易青巍躺著,宋野枝趴在他的身上。胸貼胸,腹疊腹,腿壓腿。
宋野枝的手藏在枕頭下面,易青巍的手游走在他身上。
從鎖骨,到肩胛。再向下劃,此時,宋野枝的蝴蝶骨是隱沒的。不過,這兩塊骨頭,也有振翅欲飛的時候。
后半程,浴缸的水涼了,他抱他來床上。宋野枝背對他跪坐著,一手撐在床面,一手抓緊他的手腕,仰頸,挺腰。
就這樣,他將蝴蝶骨獻到他眼前。
然后是脊梁,一節一節硬實圓潤的骨頭,一串串摸下來,像滑膩的細沙下埋了白色珍珠。
然后到達尾椎,最后一顆。
他每一處都施著力,宋野枝毫無反應,唯獨到這里時,身上的人忽然全身瑟縮一下,同時從喉嚨里擠出一捧氣。
聲帶無振動,也就沒有發出聲音。
易青巍明知故問,使著壞地輕聲問:“怎么了?”
宋野枝沒有回答。
他沒有力氣說話了,正在攢。
易青巍笑了一下,宋野枝的腹下就空了一瞬,胸口被帶著一起震。
門外,樓下傳來開鎖關門的聲音,宋野枝睜開眼睛。
易青巍說:“李姨來做晚飯了。”
天色不明亮了,已經六七點。
果然,不一會兒,腳步踏在樓梯上,停在門口,有人敲門。
李姨說:“小巍在吧?我開始做飯了哦?”
宋野枝要起身,被易青巍按回來。
易青巍要說話,又被宋野枝捂住嘴。
他用氣聲說:“不要告訴李姨我在這兒。”
李姨看著玄關有鞋才來問人的,她多敲幾下,叫:“小巍?”
易青巍沒應宋野枝的話,攥著他的手指,朝門外說:“李姨,在呢,剛才在睡覺。”
也確實在睡覺。
宋野枝耳朵有些熱,倒回他胸前。
“哦哦好。”李姨說,“我看地上那烤鴨咋回事兒啊,晚上要吃嗎?”
易青巍笑著低眉去瞟宋野枝的表情,說:“啊,那個是有人送來的,一會兒我給提上來。”
李姨:“這年頭了,還有人專往別個家里送烤鴨啊,真有意思。”她一邊嘟囔著一邊下樓去了。
易青巍不知在樂什么,用臉去拱宋野枝埋著的頭。宋野枝撇開不想理他,被咬了一口。
“想吃什么?”
“水。”
做完那事兒之后,宋野枝極度渴水,之前已經喝光一瓶,空蕩蕩的礦泉水瓶不知滾到哪里去了。
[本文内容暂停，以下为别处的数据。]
(* Let $\mathbf{F}_q$ be a finite field of characteristic $p$ and $b\in\mathbf{F}_q$. For $1\le k\le q-1$, $$N(k,b,\mathbf{F}_q^* )=\frac1q\binom{q-1}{k}+(-1)^{k+\lfloor k/p\rfloor}\frac{v(b)}{q}\binom{q/p-1}{\lfloor k/p\rfloor}.$$ For $1\le k\le q$: if $p\nmid k$ then $N(k,b,\mathbf{F}_q)=\frac1q\binom qk$; if $p\mid k$ then $$N(k,b,\mathbf{F}_q)=\frac1q\binom qk+(-1)^{k+k/p}\frac{v(b)}{q}\binom{q/p}{k/p}.$$
   Context: $N(k,b,D)$ denotes the number of $k$-element subsets $\{x_1,\dots,x_k\}\subseteq D$ with $x_1+\dots+x_k=b$. $v(b)=-1$ if $b\ne0$ and $v(b)=q-1$ if $b=0$. Binomial coefficients $\binom{x}{m}=x(x-1)\cdots(x-m+1)/m!$ for real $x$, integer $m\ge0$. *)

theory Defs
  imports Complex_Main "HOL-Library.Cardinality"
begin

definition Nsub :: "nat \<Rightarrow> 'a::comm_monoid_add \<Rightarrow> 'a set \<Rightarrow> nat" where
  "Nsub k b D = card {S. S \<subseteq> D \<and> card S = k \<and> finite S \<and> (\<Sum>x\<in>S. x) = b}"

definition vq :: "'a::{finite,zero} \<Rightarrow> real" where
  "vq b = (if b = 0 then real CARD('a) - 1 else -1)"

end

theory Submission imports Defs begin

(* Two symmetries drive it:
   translating a k-set by t moves its sum by k*t, so
   (1) if p does not divide k, the k-subsets of F_q are equidistributed over the
       q possible sums, giving q * N(k,b,F_q) = C(q,k);
   (2) if p divides k, all "punctured" sets F_q - {t} carry the same counts, and
       double counting pairs (S,t) with t not in S gives q * N(k,b,F_q^* ) = (q-k) * N(k,b,F_q).
   Splitting off the element 0 gives N(k,b,F_q) = N(k,b,F_q^* ) + N(k-1,b,F_q^* ).
   Hence the sequence A_k = N(k,b,F_q^* ) obeys a first-order recurrence (additive when
   p does not divide k, multiplicative when it does) with A_0 = [b = 0].  The claimed closed
   form satisfies the same recurrence (binomial absorption identities), so the formula for
   F_q^* follows by induction on k, and the formula for F_q follows from the splitting. *)


definition ksubsets_sum :: "nat \<Rightarrow> 'a::comm_monoid_add \<Rightarrow> 'a set \<Rightarrow> 'a set set" where
  "ksubsets_sum k b D = {S. S \<subseteq> D \<and> card S = k \<and> finite S \<and> (\<Sum>x\<in>S. x) = b}"

lemma Nsub_eq_card: "Nsub k b D = card (ksubsets_sum k b D)"
  by (simp add: Nsub_def ksubsets_sum_def)

lemma Nsub_zero: "Nsub 0 b D = (if b = 0 then 1 else 0)"
proof -
  have "ksubsets_sum 0 b D = (if b = 0 then {{}} else {})"
    by (auto simp: ksubsets_sum_def)
  then show ?thesis by (simp add: Nsub_eq_card)
qed

lemma translate_card_sum:
  fixes t :: "'a::comm_ring_1"
  assumes "finite S"
  shows "card ((\<lambda>x. x + t) ` S) = card S"
    and "(\<Sum>x\<in>(\<lambda>x. x + t) ` S. x) = (\<Sum>x\<in>S. x) + of_nat (card S) * t"
proof -
  have inj: "inj_on (\<lambda>x. x + t) S" by (simp add: inj_on_def)
  then show "card ((\<lambda>x. x + t) ` S) = card S" by (rule card_image)
  have "(\<Sum>x\<in>(\<lambda>x. x + t) ` S. x) = (\<Sum>x\<in>S. x + t)"
    using inj by (simp add: sum.reindex)
  then show "(\<Sum>x\<in>(\<lambda>x. x + t) ` S. x) = (\<Sum>x\<in>S. x) + of_nat (card S) * t"
    by (simp add: sum.distrib)
qed

lemma translate_ksubsets_sum:
  fixes t :: "'a::comm_ring_1"
  shows "image (\<lambda>x. x + t) ` ksubsets_sum k b D
           \<subseteq> ksubsets_sum k (b + of_nat k * t) ((\<lambda>x. x + t) ` D)"
  using translate_card_sum[of _ t] by (auto simp: ksubsets_sum_def)

lemma Nsub_translate:
  fixes t :: "'a::comm_ring_1"
  shows "Nsub k b D = Nsub k (b + of_nat k * t) ((\<lambda>x. x + t) ` D)"
  unfolding Nsub_eq_card
proof (rule bij_betw_same_card, rule bij_betw_byWitness[where f' = "image (\<lambda>x. x + - t)"])
  show "image (\<lambda>x. x + t) ` ksubsets_sum k b D
          \<subseteq> ksubsets_sum k (b + of_nat k * t) ((\<lambda>x. x + t) ` D)"
    by (rule translate_ksubsets_sum)
  have "image (\<lambda>x. x + - t) ` ksubsets_sum k (b + of_nat k * t) ((\<lambda>x. x + t) ` D)
          \<subseteq> ksubsets_sum k (b + of_nat k * t + of_nat k * - t)
               ((\<lambda>x. x + - t) ` (\<lambda>x. x + t) ` D)"
    by (rule translate_ksubsets_sum)
  then show "image (\<lambda>x. x + - t) ` ksubsets_sum k (b + of_nat k * t) ((\<lambda>x. x + t) ` D)
               \<subseteq> ksubsets_sum k b D"
    by (simp add: image_image)
qed (simp_all add: image_image)

text \<open>Splitting off the element \<open>0\<close>: a \<open>k\<close>-set containing \<open>0\<close> is a \<open>(k-1)\<close>-set avoiding
  \<open>0\<close> plus the element \<open>0\<close>, which does not change the sum.\<close>
lemma Nsub_remove_zero:
  fixes D :: "'a::{finite,comm_monoid_add} set"
  assumes "0 \<in> D" "k \<ge> 1"
  shows "Nsub k b D = Nsub k b (D - {0}) + Nsub (k - 1) b (D - {0})"
proof -
  let ?X = "ksubsets_sum k b D"
  have with_zero: "card {S\<in>?X. 0 \<in> S} = card (ksubsets_sum (k - 1) b (D - {0}))"
  proof (rule bij_betw_same_card[of "\<lambda>S. S - {0}"],
         rule bij_betw_byWitness[where f' = "insert 0"])
    show "insert 0 ` ksubsets_sum (k - 1) b (D - {0}) \<subseteq> {S\<in>?X. 0 \<in> S}"
      using assms by (auto simp: ksubsets_sum_def card_insert_if sum.insert_if)
  qed (use assms in \<open>auto simp: ksubsets_sum_def sum.remove[of _ 0]\<close>)
  have "?X = ksubsets_sum k b (D - {0}) \<union> {S\<in>?X. 0 \<in> S}"
    by (auto simp: ksubsets_sum_def)
  moreover have "ksubsets_sum k b (D - {0}) \<inter> {S\<in>?X. 0 \<in> S} = {}"
    by (auto simp: ksubsets_sum_def)
  ultimately have "card ?X = card (ksubsets_sum k b (D - {0})) + card {S\<in>?X. 0 \<in> S}"
    by (metis card_Un_disjoint finite)
  then show ?thesis using with_zero by (simp add: Nsub_eq_card)
qed

text \<open>Summing over all targets counts every \<open>k\<close>-subset of \<open>D\<close> exactly once.\<close>
lemma Nsub_sum_over_targets:
  fixes D :: "'a::{finite,comm_monoid_add} set"
  shows "(\<Sum>b\<in>UNIV. Nsub k b D) = card D choose k"
proof -
  have "{S. S \<subseteq> D \<and> card S = k} = (\<Union>b\<in>UNIV. ksubsets_sum k b D)"
    by (auto simp: ksubsets_sum_def)
  then have "card D choose k = card (\<Union>b\<in>UNIV. ksubsets_sum k b D)"
    by (metis n_subsets finite)
  also have "\<dots> = (\<Sum>b\<in>UNIV. Nsub k b D)"
    unfolding Nsub_eq_card by (rule card_UN_disjoint) (auto simp: ksubsets_sum_def)
  finally show ?thesis by simp
qed

lemma sum_card_avoiding:
  fixes X :: "'a::finite set set"
  assumes "\<And>S. S \<in> X \<Longrightarrow> card S = k"
  shows "(\<Sum>t\<in>UNIV. card {S\<in>X. t \<notin> S}) = (CARD('a) - k) * card X"
proof -
  have "(\<Sum>t\<in>UNIV. card {S\<in>X. t \<notin> S}) = (\<Sum>t\<in>UNIV. \<Sum>S\<in>X. if t \<notin> S then 1 else 0)"
    by (simp add: sum.inter_filter[symmetric])
  also have "\<dots> = (\<Sum>S\<in>X. \<Sum>t\<in>UNIV. if t \<notin> S then 1 else 0)"
    by (rule sum.swap)
  also have "\<dots> = (\<Sum>S\<in>X. card (UNIV - S))"
    by (intro sum.cong refl) (simp add: sum.If_cases set_diff_eq)
  also have "\<dots> = (\<Sum>S\<in>X. CARD('a) - k)"
    using assms by (intro sum.cong) (simp_all add: card_Diff_subset)
  finally show ?thesis by simp
qed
易青巍拿來新的,為他擰開,站在床邊伸手,把他拉起來。
易青巍摸他泛紅的眼皮,問:“哭太多了,是不是?”
宋野枝說:“是汗。”
易青巍遷就地點頭,故作敷衍地一直“嗯”。
再逗他多說幾句,看人的體力恢復,精神慢慢好起來了,易青巍才關門下樓去。
宋野枝獨自在床上躺著,窗外是灰蒙蒙的,房間里很安靜,也很黑。他爬下床,光腳悄悄溜出門,在走廊處往下看,客廳沒有人。他下了幾級樓梯,蹲著,從扶手之間寬大的縫隙去看廚房。
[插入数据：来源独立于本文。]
(* Let $\mathcal N=(\mathcal L,\mathcal I,D_{\mathcal L})$ be a network (with a general collision profile) of character $D^*$. (i) If $S$ is a collision-free framed schedule of frame length $T_F\ge 3D^*+1$ whose rate vector $R_S$ exists, then $R_S\in(1-D^*/T_F)\,\widetilde{\mathcal R}^{(\mathcal L,\mathcal I)}$, and hence $R_S\in\widetilde{\mathcal R}^{(\mathcal L,\mathcal I)}$. (ii) For every $R\in\widetilde{\mathcal R}^{(\mathcal L,\mathcal I)}$ and every $\epsilon>0$ there exist a frame length $T_F$ and a collision-free framed schedule $S$ of frame length $T_F$ whose rate vector exists and satisfies $R_S(l)\ge R(l)-\epsilon$ for all $l$.
   Context: A network is a triple $\mathcal N=(\mathcal L,\mathcal I,D_{\mathcal L})$ where $\mathcal L$ is a finite nonempty set of links, each $\mathcal I(l)$ is a collection of nonempty subsets of $\mathcal L$, and $D_{\mathcal L}$ assigns an integer $D_{\mathcal L}(l,l')$ to every pair with $l'\in\phi$ for some $\phi\in\mathcal I(l)$. The character is $D^*=\max_{l}\max_{\phi\in\mathcal I(l)}\max_{l'\in\phi}|D_{\mathcal L}(l,l')|$ (0 if there are no collision sets). A schedule is a map $S:\mathcal L\times\mathbb Z\to\{0,1\}$; $S(l,t)$ has a collision if there is $\phi\in\mathcal I(l)$ with $S(l',t+D_{\mathcal L}(l,l'))=1$ for all $l'\in\phi$; $S$ is collision free if no $(l,t)$ with $S(l,t)=1$ has a collision. $R_S(l)=\lim_{T\to\infty}\frac1T\sum_{t=0}^{T-1}\iota\big(S(l,t)=1\text{ and collision free}\big)$ when the limit exists; $R_S=(R_S(l))_l$ is the rate vector when all limits exist. For an integer $T_F\ge D^*+1$, a framed schedule of frame length $T_F$ is a schedule $S$ with $S(l,t)=0$ for $t<0$, such that for every $k\ge0$ and every $l$: $S(l,kT_F+i)=0$ for $i=T_F-D^*,\dots,T_F-1$, and the values $S(l,kT_F+i)$, $i=0,\dots,T_F-D^*-1$, are all equal. An independent set of $(\mathcal L,\mathcal I)$ is a subset $A\subseteq\mathcal L$ such that there are no $l\in A$ and $\phi\in\mathcal I(l)$ with $\phi\subseteq A$; $\widetilde{\mathcal R}^{(\mathcal L,\mathcal I)}$ is the convex hull of the indicator vectors (in $\mathbb R^{\mathcal L}$) of all independent sets of $(\mathcal L,\mathcal I)$. *)

theory Defs
  imports "HOL-Analysis.Analysis"
begin

text \<open>The collision profile I maps each link to a collection of subsets of links;
  D is the offset function (values outside collision sets are irrelevant).
  Schedules are maps 'l => int => bool (True meaning value 1).\<close>

definition network :: "('l::finite \<Rightarrow> 'l set set) \<Rightarrow> bool" where
  "network I \<longleftrightarrow> (\<forall>l. \<forall>\<phi>\<in>I l. \<phi> \<noteq> {})"

definition character :: "('l::finite \<Rightarrow> 'l set set) \<Rightarrow> ('l \<Rightarrow> 'l \<Rightarrow> int) \<Rightarrow> int" where
  "character I D = Max ({0} \<union> {\<bar>D l l'\<bar> | l \<phi> l'. \<phi> \<in> I l \<and> l' \<in> \<phi>})"

definition collision :: "('l \<Rightarrow> 'l set set) \<Rightarrow> ('l \<Rightarrow> 'l \<Rightarrow> int) \<Rightarrow> ('l \<Rightarrow> int \<Rightarrow> bool) \<Rightarrow> 'l \<Rightarrow> int \<Rightarrow> bool" where
  "collision I D S l t \<longleftrightarrow> (\<exists>\<phi>\<in>I l. \<forall>l'\<in>\<phi>. S l' (t + D l l'))"

definition collision_free :: "('l \<Rightarrow> 'l set set) \<Rightarrow> ('l \<Rightarrow> 'l \<Rightarrow> int) \<Rightarrow> ('l \<Rightarrow> int \<Rightarrow> bool) \<Rightarrow> bool" where
  "collision_free I D S \<longleftrightarrow> (\<forall>l t. S l t \<longrightarrow> \<not> collision I D S l t)"

definition avg_rate :: "('l \<Rightarrow> 'l set set) \<Rightarrow> ('l \<Rightarrow> 'l \<Rightarrow> int) \<Rightarrow> ('l \<Rightarrow> int \<Rightarrow> bool) \<Rightarrow> 'l \<Rightarrow> nat \<Rightarrow> real" where
  "avg_rate I D S l T =
     (\<Sum>t<T. if S l (int t) \<and> \<not> collision I D S l (int t) then 1 else 0) / real T"

definition is_rate_vector :: "('l \<Rightarrow> 'l set set) \<Rightarrow> ('l \<Rightarrow> 'l \<Rightarrow> int) \<Rightarrow> ('l \<Rightarrow> int \<Rightarrow> bool) \<Rightarrow> ('l \<Rightarrow> real) \<Rightarrow> bool" where
  "is_rate_vector I D S R \<longleftrightarrow> (\<forall>l. avg_rate I D S l \<longlonglongrightarrow> R l)"

definition framed_schedule :: "('l::finite \<Rightarrow> 'l set set) \<Rightarrow> ('l \<Rightarrow> 'l \<Rightarrow> int) \<Rightarrow> int \<Rightarrow> ('l \<Rightarrow> int \<Rightarrow> bool) \<Rightarrow> bool" where
  "framed_schedule I D TF S \<longleftrightarrow>
     TF \<ge> character I D + 1 \<and>
     (\<forall>l t. t < 0 \<longrightarrow> \<not> S l t) \<and>
     (\<forall>k::nat. \<forall>l.
        (\<forall>i. TF - character I D \<le> i \<and> i \<le> TF - 1 \<longrightarrow> \<not> S l (int k * TF + i)) \<and>
        (\<forall>i j. 0 \<le> i \<and> i \<le> TF - character I D - 1 \<and> 0 \<le> j \<and> j \<le> TF - character I D - 1
               \<longrightarrow> S l (int k * TF + i) = S l (int k * TF + j)))"

definition independent_set :: "('l \<Rightarrow> 'l set set) \<Rightarrow> 'l set \<Rightarrow> bool" where
  "independent_set I A \<longleftrightarrow> \<not> (\<exists>l\<in>A. \<exists>\<phi>\<in>I l. \<phi> \<subseteq> A)"

definition indicator_vec :: "'l::finite set \<Rightarrow> real ^ 'l" where
  "indicator_vec A = (\<chi> l. if l \<in> A then 1 else 0)"

definition rate_region :: "('l::finite \<Rightarrow> 'l set set) \<Rightarrow> (real ^ 'l) set" where
  "rate_region I = convex hull {indicator_vec A | A. independent_set I A}"

end

theory Submission
  imports Defs
begin

text \<open>(i) In a collision-free framed schedule with \<open>TF \<ge> 3D\<^sup>* + 1\<close> the links transmitting in a
  frame form an independent set, and each frame contributes \<open>TF - D\<^sup>*\<close> successful slots. Hence
  \<open>R\<^sub>S\<close> is \<open>1 - D\<^sup>*/TF\<close> times a limit of averages of indicator vectors of independent sets,
  which lies in the compact convex region; scaling by a factor in \<open>[0,1]\<close> stays inside because
  the region contains \<open>0\<close>.
  (ii) Write \<open>R\<close> as a convex combination of independent sets, round the weights down to multiples
  of \<open>1/N\<close>, and let successive frames run periodically through the resulting list of sets. The
  rate is the rounded combination scaled by \<open>1 - D\<^sup>*/TF\<close>, so both losses are small for large
  \<open>N\<close> and \<open>TF\<close>.\<close>

lemma finite_offsets: "finite {\<bar>D l l'\<bar> | l \<phi> l'. \<phi> \<in> (I::'l::finite \<Rightarrow> 'l set set) l \<and> l' \<in> \<phi>}"
  by (rule finite_subset[of _ "(\<lambda>(l, l'). \<bar>D l l'\<bar>) ` UNIV"]) auto

lemma character_nonneg: "0 \<le> character I D"
  unfolding character_def using finite_offsets[of D I] by (intro Max_ge) auto

lemma abs_offset_le_character: "\<phi> \<in> I l \<Longrightarrow> l' \<in> \<phi> \<Longrightarrow> \<bar>D l l'\<bar> \<le> character I D"
  unfolding character_def using finite_offsets[of D I] by (intro Max_ge) auto

lemma framed_schedule_slot:
  assumes F: "framed_schedule I D TF S" and "0 \<le> i" "i < TF"
  shows "S l (int k * TF + i) \<longleftrightarrow> i < TF - character I D \<and> S l (int k * TF)"
proof (cases "i < TF - character I D")
  case True
  then have "S l (int k * TF + i) = S l (int k * TF + 0)"
    using F \<open>0 \<le> i\<close> unfolding framed_schedule_def by (smt (verit))
  with True show ?thesis by simp
next
  case False
  with F \<open>i < TF\<close> show ?thesis unfolding framed_schedule_def by auto
qed

lemma framed_schedule_frame_count:
  assumes F: "framed_schedule I D TF S"
  shows "(\<Sum>i<nat TF. if S l (int (k * nat TF + i)) then 1 else 0 :: real)
       = real_of_int (TF - character I D) * (if S l (int k * TF) then 1 else 0)"
proof -
  have TF: "character I D + 1 \<le> TF" "0 \<le> character I D"
    using F character_nonneg unfolding framed_schedule_def by auto
  have active: "{..<nat TF} \<inter> {i. i < nat (TF - character I D)} = {..<nat (TF - character I D)}"
    using TF by auto
  have "(\<Sum>i<nat TF. if S l (int (k * nat TF + i)) then 1 else 0 :: real)
      = (\<Sum>i<nat TF. if i < nat (TF - character I D) \<and> S l (int k * TF) then 1 else 0)"
  proof (rule sum.cong[OF refl])
    fix i assume "i \<in> {..<nat TF}"
    moreover have "int (k * nat TF + i) = int k * TF + int i" using TF by simp
    ultimately show "(if S l (int (k * nat TF + i)) then 1 else 0 :: real) =
      (if i < nat (TF - character I D) \<and> S l (int k * TF) then 1 else 0)"
      using framed_schedule_slot[OF F, of "int i" l k] by auto
  qed
  also have "\<dots> = real (card {..<nat (TF - character I D)}) * (if S l (int k * TF) then 1 else 0)"
    using TF active by (simp add: sum.If_cases flip: of_nat_sum)
  finally show ?thesis using TF by simp
qed

lemma framed_schedule_count:
  assumes F: "framed_schedule I D TF S"
  shows "(\<Sum>t<K * nat TF. if S l (int t) then 1 else 0 :: real)
       = real_of_int (TF - character I D) * (\<Sum>k<K. if S l (int k * TF) then 1 else 0)"
proof -
  have "(\<Sum>t<K * nat TF. if S l (int t) then 1 else 0 :: real)
     = (\<Sum>k<K. \<Sum>t\<in>{k * nat TF..<k * nat TF + nat TF}. if S l (int t) then 1 else 0)"
    by (rule sum.nat_group[symmetric])
  also have "\<dots> = (\<Sum>k<K. \<Sum>i<nat TF. if S l (int (k * nat TF + i)) then 1 else 0)"
  proof (rule sum.cong[OF refl])
    fix k
    have block: "{k * nat TF..<k * nat TF + nat TF} = {0 + k * nat TF..<nat TF + k * nat TF}"
      by (simp add: add.commute)
    show "(\<Sum>t\<in>{k * nat TF..<k * nat TF + nat TF}. if S l (int t) then 1 else 0 :: real)
       = (\<Sum>i<nat TF. if S l (int (k * nat TF + i)) then 1 else 0)"
      unfolding block sum.atLeastLessThan_shift_bounds by (simp add: lessThan_atLeast0 comp_def)
  qed
  also have "\<dots> = (\<Sum>k<K. real_of_int (TF - character I D) * (if S l (int k * TF) then 1 else 0))"
    by (intro sum.cong refl framed_schedule_frame_count[OF F])
  finally show ?thesis by (simp add: sum_distrib_left)
qed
只見易青巍系著圍裙站在灶前,李姨在旁邊指點。他一派鎮定,反而是李姨這個旁觀者替他手忙腳亂干著急。
宋野枝笑了笑,沒有動,原地抱膝蹲著盯了好一會兒。
易青巍本來是往樓上自己房間的位置瞟,看見門開著,視線再一移,發現了樓梯口處把自己縮成一團的宋野枝。
他和易青巍的眼神碰上了,眼睛一彎。
第一眼像只可憐的小狗,笑起來又變成狡黠矜貴的貓,易青巍想。
他沒顧上鍋里的菜,李姨見他心不在焉,終于有理由自己接過手來。易青巍就只能站身后當學生,他背著李姨的目光對宋野枝招手。
“這個啊,最大的功夫是注意火候。”李姨教他。
易青巍點完頭,再抬眼,人不見了,房間門依然開著,亮起了白燈。
他抿著唇,對著滿室油煙淺淺笑了。
“李姨,那您先炒著,我出門去買點兒東西。”
李姨頭也沒回,隨口接話:“這么晚了,買啥呀,不急的話等天兒大亮了再去嘛,不然不安全。”
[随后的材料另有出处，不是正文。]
(* Let $\alpha: I\to M$ be a unit-speed curve on an oriented surface $M\subset E^3$ with Darboux frame $\{T,V,U\}$ and curvatures $k_g,k_n,\tau_g$. Consider the curve $\gamma$ defined in either of the following two cases: (a) $k_g\equiv0$ and $k_n,\tau_g$ nowhere zero on $I$, and $\gamma(s)=\alpha(s)+\frac{k_n'(s)}{k_n(s)^2\tau_g(s)}V(s)+\frac{1}{k_n(s)}U(s)$; (b) $k_g$ nowhere zero on $I$, $c_3$ a real constant, $\psi$ an antiderivative of $k_n\tau_g/k_g$, $\Phi$ an antiderivative of $e^{-\psi}\tau_g/k_g$, and $$\gamma(s)=\alpha(s)+\Big(\frac{k_n}{k_g}e^{\psi}(\Phi-c_3)+\frac{1}{k_g}\Big)(s)\,V(s)+\big(e^{\psi}(c_3-\Phi)\big)(s)\,U(s).$$ In either case assume $\gamma$ is regular. Then $\gamma$ is a general helix if and only if $\alpha$ is a relatively normal-slant helix on $M$.
   Context: $M$ is an oriented surface in Euclidean 3-space $E^3$ and $\alpha:I\to M$ is a unit-speed curve with arc-length parameter $s$. Its Darboux frame $\{T,V,U\}$ consists of the unit tangent $T=\alpha'$, the unit surface normal $U$ of $M$ along $\alpha$, and $V=U\times T$; it satisfies $T'=k_gV+k_nU$, $V'=-k_gT+\tau_gU$, $U'=-k_nT-\tau_gV$, where $k_g,k_n,\tau_g$ are the geodesic curvature, normal curvature and geodesic torsion. A regular curve is a general helix if its unit tangent makes a constant angle with a fixed direction. $\alpha$ is a relatively normal-slant helix if $\langle V,d\rangle$ is constant for some fixed unit vector $d$. *)

theory Defs
  imports "HOL-Analysis.Analysis"
begin

type_synonym vec3 = "real ^ 3"

definition darboux_frame ::
  "real set \<Rightarrow> (real \<Rightarrow> vec3) \<Rightarrow> (real \<Rightarrow> vec3) \<Rightarrow> (real \<Rightarrow> vec3) \<Rightarrow> (real \<Rightarrow> vec3)
   \<Rightarrow> (real \<Rightarrow> real) \<Rightarrow> (real \<Rightarrow> real) \<Rightarrow> (real \<Rightarrow> real) \<Rightarrow> bool" where
  "darboux_frame I \<alpha> T V U kg kn tg \<longleftrightarrow>
     (\<forall>s\<in>I.
        (\<alpha> has_vector_derivative T s) (at s) \<and>
        norm (T s) = 1 \<and> norm (U s) = 1 \<and> T s \<bullet> U s = 0 \<and>
        V s = cross3 (U s) (T s) \<and>
        (T has_vector_derivative (kg s *\<^sub>R V s + kn s *\<^sub>R U s)) (at s) \<and>
        (V has_vector_derivative (- kg s *\<^sub>R T s + tg s *\<^sub>R U s)) (at s) \<and>
        (U has_vector_derivative (- kn s *\<^sub>R T s - tg s *\<^sub>R V s)) (at s))"

definition regular_curve :: "real set \<Rightarrow> (real \<Rightarrow> vec3) \<Rightarrow> bool" where
  "regular_curve I \<gamma> \<longleftrightarrow>
     (\<forall>s\<in>I. \<gamma> differentiable (at s) \<and> vector_derivative \<gamma> (at s) \<noteq> 0)"

definition general_helix :: "real set \<Rightarrow> (real \<Rightarrow> vec3) \<Rightarrow> bool" where
  "general_helix I \<gamma> \<longleftrightarrow> regular_curve I \<gamma> \<and>
     (\<exists>d c. norm d = 1 \<and>
        (\<forall>s\<in>I. (vector_derivative \<gamma> (at s) /\<^sub>R norm (vector_derivative \<gamma> (at s))) \<bullet> d = c))"

definition rel_normal_slant_helix :: "real set \<Rightarrow> (real \<Rightarrow> vec3) \<Rightarrow> bool" where
  "rel_normal_slant_helix I V \<longleftrightarrow> (\<exists>d c. norm d = 1 \<and> (\<forall>s\<in>I. V s \<bullet> d = c))"

end

theory Submission
  imports Defs
begin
“小玩意兒,但今晚得用。”易青巍已經在換鞋了,他說,“您做好了早點兒回去,我回來就吃。”
今年李姨的小兒子得高考,她就不在易家住了。在學校門口租了房就近照顧孩子起居,跟當年她家大姑娘高考時的做法一樣。
“行嘞。”李姨說,“那小巍早點兒回啊,飯菜涼了對胃不好。”
易青巍走時,鎖是用鑰匙擰上的,沒有聲響。不過是多此一舉,他哪怕是砸門,此刻的宋野枝也難察覺半分。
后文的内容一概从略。